SystemdCgroup = {{ .SystemdCgroup }}

The key change in this configuration is the addition of the following line under the NVIDIA runtime options:

SystemdCgroup = {{ .SystemdCgroup }}

This change, combined with restarting the k3s service, has effectively resolved the issue with the NVIDIA device plugin crashing.

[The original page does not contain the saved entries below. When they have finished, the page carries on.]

theorem lemma64:
  fixes le :: "'a \<Rightarrow> 'a \<Rightarrow> bool" and c d u :: 'a
  assumes "random_po le"
    and "po_less le c d" and "po_less le d u"
  shows "pp_interprets
           [(3, \<lambda>xs. Low le (xs ! 0) (xs ! 1) (xs ! 2))]
           [\<lambda>xs. length xs = 4 \<and> Sep le (xs ! 0) (xs ! 1) (xs ! 2) (xs ! 3),
            \<lambda>xs. xs = [c], \<lambda>xs. xs = [d], \<lambda>xs. xs = [u]]"
proof -
  let ?D = "open_interval le c d"
  have po: "partial_order_on UNIV le" and "countable (UNIV :: 'a set)"
    using assms(1) unfolding random_po_def by blast+
  moreover have ext: "extension_property UNIV le" using assms(1) by (rule random_po_extension_property)
  moreover have "partial_order_on ?D le" using po unfolding partial_order_on_def by blast
  ultimately obtain h where h: "bij_betw h ?D UNIV" and h_le: "\<forall>x\<in>?D. \<forall>y\<in>?D. le x y \<longleftrightarrow> le (h x) (h y)"
    using countable_extension_property_order_iso open_interval_extension_property assms(2)
      countable_subset[OF subset_UNIV] by metis
  show ?thesis
    unfolding Sep_structure_def[symmetric]
  proof (rule pp_interprets_by_subset[OF h])
    show "pp_definable (Sep_structure le c d u) k (\<lambda>xs. set xs \<subseteq> ?D \<and> R (map h xs))"
      if "(k, R) \<in> set [(3, \<lambda>xs. Low le (xs ! 0) (xs ! 1) (xs ! 2))]" for k R
      using that pp_definable_Low_image[OF po ext assms(2,3) bij_betw_imp_inj_on[OF h] h_le] by simp
  qed (fact pp_definable_open_interval[OF po ext assms(2,3)] pp_definable_open_interval_eq[OF po ext assms(2,3)])+
qed

end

donEddie7 · October 10, 2024, 2:13am

Is this the sort of issue/bug that is generally fixed in future releases/patches? I just setup my TrueNAS Scale server and am noticing the same behavior that you described. I am tempted to follow your instructions to get my GPU running consistently but a little green and not sure I should go through the trouble if this will be patched/fixed.

For what it’s worth, I did try navigating to the directory you mentioned but keep getting access/permission denied when trying to get to the agent directory under k3s. I’m logged in as admin.

LarsR · October 10, 2024, 7:05am

The issue should not be relevant in electric eel (available as RC2 version right now and release due end of the month), because the apps backend switches from kubernetes to docker and this was a kubernetes specific problem.

fayelund · October 10, 2024, 1:19pm

You are a super hero, this has bugged me for several monthsz with ix just pointing to upstream error.